_TASK_:
Pick every line from the data below that contains the string "step" and copy it.

_DATA EXCERPTS_:
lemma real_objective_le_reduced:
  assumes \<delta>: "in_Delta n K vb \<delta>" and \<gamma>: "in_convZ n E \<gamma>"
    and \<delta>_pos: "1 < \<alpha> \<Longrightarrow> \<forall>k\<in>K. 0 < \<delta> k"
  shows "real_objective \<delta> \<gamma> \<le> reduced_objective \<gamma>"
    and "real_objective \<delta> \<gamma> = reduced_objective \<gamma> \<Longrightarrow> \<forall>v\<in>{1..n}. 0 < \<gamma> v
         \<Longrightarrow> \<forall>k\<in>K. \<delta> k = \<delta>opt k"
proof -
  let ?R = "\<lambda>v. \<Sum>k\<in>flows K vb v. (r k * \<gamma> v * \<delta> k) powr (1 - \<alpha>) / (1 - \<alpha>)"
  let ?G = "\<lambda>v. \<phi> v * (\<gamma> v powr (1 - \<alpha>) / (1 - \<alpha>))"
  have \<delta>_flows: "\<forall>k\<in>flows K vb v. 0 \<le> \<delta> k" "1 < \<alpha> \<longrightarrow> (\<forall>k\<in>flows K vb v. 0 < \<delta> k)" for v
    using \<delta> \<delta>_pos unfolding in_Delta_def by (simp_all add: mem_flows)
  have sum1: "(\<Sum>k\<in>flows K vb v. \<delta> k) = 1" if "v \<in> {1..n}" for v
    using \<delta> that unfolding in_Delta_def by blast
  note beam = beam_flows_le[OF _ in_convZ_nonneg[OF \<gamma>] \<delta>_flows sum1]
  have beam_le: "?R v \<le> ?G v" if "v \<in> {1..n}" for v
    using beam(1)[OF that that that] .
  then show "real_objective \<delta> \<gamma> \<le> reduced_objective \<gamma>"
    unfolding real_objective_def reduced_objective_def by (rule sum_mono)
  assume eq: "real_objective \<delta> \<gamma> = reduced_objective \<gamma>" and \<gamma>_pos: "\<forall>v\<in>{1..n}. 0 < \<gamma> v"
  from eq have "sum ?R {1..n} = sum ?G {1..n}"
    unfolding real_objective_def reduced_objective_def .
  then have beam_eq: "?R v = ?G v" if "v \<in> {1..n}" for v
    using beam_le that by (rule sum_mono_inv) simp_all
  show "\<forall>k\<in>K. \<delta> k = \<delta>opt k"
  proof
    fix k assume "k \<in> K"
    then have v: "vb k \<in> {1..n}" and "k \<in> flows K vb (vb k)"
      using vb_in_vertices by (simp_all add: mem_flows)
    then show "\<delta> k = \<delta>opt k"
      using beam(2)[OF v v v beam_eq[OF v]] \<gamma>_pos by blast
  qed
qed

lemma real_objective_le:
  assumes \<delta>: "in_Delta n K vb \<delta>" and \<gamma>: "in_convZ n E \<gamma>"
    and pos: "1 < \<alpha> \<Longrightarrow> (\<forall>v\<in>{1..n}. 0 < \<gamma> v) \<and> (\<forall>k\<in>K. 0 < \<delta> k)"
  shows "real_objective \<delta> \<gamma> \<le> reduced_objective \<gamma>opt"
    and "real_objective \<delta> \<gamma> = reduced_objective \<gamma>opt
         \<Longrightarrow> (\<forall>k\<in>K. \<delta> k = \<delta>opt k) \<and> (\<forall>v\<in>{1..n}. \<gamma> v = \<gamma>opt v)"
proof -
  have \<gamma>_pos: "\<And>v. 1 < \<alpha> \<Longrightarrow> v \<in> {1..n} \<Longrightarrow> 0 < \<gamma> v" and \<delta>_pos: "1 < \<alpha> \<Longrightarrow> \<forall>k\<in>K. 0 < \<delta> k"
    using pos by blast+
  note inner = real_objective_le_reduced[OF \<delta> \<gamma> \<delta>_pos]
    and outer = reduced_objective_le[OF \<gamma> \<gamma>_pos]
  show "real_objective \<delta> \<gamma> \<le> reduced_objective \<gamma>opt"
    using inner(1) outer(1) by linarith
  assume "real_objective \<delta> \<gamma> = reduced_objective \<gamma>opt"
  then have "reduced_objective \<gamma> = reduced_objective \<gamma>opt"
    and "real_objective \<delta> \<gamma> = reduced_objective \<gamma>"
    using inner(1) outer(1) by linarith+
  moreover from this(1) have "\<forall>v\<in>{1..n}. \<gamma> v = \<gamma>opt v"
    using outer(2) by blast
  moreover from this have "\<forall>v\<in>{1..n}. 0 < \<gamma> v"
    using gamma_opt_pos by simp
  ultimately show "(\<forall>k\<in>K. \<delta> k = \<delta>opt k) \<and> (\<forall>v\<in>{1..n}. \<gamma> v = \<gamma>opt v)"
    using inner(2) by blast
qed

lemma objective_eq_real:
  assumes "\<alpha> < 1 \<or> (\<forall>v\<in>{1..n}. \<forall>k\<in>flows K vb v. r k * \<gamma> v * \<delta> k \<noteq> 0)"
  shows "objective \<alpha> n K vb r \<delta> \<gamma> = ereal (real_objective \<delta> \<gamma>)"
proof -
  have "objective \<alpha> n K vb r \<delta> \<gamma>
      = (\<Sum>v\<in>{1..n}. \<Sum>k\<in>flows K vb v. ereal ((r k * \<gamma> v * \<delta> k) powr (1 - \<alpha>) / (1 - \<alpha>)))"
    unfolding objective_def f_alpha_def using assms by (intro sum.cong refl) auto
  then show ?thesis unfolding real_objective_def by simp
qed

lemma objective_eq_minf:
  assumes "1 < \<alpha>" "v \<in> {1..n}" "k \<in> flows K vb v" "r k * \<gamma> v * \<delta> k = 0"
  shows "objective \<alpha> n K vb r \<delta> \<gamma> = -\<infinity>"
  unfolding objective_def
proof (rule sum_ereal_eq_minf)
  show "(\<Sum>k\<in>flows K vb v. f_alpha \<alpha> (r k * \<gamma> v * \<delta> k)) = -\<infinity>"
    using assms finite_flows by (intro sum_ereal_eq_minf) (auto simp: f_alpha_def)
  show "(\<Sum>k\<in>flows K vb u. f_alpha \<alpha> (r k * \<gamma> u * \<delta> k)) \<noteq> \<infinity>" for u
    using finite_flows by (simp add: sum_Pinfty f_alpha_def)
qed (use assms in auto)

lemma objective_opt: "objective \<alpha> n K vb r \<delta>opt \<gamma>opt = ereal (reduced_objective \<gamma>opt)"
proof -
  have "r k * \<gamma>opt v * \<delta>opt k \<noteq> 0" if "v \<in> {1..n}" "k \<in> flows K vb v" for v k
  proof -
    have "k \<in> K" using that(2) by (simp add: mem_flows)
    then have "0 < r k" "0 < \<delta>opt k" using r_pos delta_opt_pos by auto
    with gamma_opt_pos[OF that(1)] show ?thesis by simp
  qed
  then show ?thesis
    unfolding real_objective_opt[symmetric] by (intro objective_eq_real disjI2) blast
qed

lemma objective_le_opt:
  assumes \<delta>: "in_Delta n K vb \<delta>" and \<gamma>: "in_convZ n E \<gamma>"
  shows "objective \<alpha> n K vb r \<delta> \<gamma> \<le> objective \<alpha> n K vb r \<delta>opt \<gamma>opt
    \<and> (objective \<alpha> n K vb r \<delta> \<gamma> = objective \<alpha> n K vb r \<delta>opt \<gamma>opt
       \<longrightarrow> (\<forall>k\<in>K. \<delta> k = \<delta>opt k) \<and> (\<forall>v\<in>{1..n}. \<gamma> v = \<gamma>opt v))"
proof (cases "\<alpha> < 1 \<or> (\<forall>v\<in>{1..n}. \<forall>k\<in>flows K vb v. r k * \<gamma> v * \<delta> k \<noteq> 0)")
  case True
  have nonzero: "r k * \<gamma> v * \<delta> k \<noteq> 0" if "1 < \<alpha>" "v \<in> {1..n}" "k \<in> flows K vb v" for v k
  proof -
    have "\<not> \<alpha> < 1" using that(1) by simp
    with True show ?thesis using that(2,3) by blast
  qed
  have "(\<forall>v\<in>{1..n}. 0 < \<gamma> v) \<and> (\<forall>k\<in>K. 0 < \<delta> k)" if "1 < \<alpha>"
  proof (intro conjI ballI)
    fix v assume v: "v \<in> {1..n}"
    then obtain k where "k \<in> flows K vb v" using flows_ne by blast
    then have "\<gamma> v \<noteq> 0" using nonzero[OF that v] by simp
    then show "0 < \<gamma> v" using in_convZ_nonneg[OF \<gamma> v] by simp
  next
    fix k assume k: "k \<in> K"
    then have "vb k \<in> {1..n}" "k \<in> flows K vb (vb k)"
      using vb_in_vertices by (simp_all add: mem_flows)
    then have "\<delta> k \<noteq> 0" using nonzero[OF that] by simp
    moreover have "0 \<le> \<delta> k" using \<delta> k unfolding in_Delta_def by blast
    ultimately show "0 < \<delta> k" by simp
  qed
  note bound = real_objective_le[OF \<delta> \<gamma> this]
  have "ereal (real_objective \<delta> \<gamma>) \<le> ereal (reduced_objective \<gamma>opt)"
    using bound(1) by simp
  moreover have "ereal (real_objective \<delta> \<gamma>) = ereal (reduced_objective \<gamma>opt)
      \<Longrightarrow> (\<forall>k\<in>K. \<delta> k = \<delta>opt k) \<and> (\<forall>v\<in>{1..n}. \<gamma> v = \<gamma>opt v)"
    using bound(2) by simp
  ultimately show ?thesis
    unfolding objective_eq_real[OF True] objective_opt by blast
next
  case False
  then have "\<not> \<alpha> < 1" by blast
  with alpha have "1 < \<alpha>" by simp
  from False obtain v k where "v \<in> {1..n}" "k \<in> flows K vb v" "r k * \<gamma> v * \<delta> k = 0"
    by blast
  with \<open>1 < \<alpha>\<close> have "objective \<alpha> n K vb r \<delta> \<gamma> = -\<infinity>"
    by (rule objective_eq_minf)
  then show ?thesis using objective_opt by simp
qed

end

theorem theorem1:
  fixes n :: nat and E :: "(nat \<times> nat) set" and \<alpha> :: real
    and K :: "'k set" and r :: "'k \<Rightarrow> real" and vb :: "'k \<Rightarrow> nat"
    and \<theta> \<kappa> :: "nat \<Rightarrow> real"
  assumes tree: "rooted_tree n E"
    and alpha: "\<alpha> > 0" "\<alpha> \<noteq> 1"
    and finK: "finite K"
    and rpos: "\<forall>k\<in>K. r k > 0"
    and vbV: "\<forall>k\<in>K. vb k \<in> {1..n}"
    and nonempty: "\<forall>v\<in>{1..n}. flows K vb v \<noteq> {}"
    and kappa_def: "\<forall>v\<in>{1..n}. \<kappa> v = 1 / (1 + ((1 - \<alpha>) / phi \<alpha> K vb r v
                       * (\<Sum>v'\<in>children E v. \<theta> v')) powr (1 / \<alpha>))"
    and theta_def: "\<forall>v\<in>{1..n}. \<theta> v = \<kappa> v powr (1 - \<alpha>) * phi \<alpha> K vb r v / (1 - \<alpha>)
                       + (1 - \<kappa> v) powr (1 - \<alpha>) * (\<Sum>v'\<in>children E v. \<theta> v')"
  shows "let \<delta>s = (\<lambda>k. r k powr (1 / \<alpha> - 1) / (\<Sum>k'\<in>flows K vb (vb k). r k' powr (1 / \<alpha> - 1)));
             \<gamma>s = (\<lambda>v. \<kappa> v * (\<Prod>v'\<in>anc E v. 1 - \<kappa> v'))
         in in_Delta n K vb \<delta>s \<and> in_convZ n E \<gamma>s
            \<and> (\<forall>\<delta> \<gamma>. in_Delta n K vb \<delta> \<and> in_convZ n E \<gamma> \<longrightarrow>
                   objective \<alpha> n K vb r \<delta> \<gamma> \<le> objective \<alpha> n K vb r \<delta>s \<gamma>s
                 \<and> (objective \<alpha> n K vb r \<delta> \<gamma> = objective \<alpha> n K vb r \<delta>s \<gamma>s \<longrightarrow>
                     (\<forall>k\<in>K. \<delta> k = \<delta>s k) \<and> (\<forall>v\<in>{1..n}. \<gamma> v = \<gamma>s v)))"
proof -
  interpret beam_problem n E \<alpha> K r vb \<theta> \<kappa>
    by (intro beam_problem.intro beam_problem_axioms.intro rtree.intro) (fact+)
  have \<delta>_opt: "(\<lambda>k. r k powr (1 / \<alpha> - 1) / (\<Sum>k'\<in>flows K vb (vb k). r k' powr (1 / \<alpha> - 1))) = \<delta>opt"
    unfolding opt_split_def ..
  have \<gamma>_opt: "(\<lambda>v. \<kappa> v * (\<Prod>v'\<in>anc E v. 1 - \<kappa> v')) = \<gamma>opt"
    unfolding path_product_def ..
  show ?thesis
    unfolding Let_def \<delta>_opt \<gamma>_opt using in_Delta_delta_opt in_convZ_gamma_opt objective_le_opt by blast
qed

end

...

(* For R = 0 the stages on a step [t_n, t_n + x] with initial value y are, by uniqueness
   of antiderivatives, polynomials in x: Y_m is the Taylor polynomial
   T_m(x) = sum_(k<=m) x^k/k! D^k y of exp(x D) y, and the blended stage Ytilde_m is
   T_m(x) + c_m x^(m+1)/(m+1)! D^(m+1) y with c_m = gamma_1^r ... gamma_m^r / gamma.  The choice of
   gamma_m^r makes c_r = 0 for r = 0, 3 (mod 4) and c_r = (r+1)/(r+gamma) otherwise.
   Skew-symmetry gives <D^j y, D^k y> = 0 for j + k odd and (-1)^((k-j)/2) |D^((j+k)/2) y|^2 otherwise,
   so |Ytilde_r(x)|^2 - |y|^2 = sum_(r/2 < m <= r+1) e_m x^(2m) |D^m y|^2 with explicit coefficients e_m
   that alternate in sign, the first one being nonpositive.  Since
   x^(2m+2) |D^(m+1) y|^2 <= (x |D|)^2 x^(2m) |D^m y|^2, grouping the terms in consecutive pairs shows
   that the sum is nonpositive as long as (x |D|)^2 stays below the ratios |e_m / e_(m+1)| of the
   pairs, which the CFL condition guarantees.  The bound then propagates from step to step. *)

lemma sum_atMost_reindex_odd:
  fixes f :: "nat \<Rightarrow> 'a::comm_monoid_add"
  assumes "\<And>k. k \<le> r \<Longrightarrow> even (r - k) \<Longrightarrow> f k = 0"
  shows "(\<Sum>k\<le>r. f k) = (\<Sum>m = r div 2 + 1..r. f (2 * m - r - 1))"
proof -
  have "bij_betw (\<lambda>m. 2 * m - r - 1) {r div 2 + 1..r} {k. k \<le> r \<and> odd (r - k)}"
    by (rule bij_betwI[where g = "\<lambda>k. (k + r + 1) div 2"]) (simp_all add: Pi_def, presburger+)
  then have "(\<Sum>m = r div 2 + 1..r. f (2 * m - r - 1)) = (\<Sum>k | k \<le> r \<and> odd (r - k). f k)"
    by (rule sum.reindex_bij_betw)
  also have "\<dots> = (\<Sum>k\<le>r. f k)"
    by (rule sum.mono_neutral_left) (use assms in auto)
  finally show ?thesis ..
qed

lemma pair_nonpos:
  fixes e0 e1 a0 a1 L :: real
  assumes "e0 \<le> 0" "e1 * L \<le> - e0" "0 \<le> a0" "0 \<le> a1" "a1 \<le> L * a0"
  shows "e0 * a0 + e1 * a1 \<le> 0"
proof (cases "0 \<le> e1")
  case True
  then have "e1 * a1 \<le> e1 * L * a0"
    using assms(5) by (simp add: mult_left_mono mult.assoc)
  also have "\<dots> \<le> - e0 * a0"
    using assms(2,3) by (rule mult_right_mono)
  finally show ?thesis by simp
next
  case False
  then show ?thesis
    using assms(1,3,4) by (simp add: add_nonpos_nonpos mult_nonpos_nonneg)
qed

_SOLUTION TO THIS TASK_:
(* For R = 0 the stages on a step [t_n, t_n + x] with initial value y are, by uniqueness
   pairs, which the CFL condition guarantees.  The bound then propagates from step to step. *)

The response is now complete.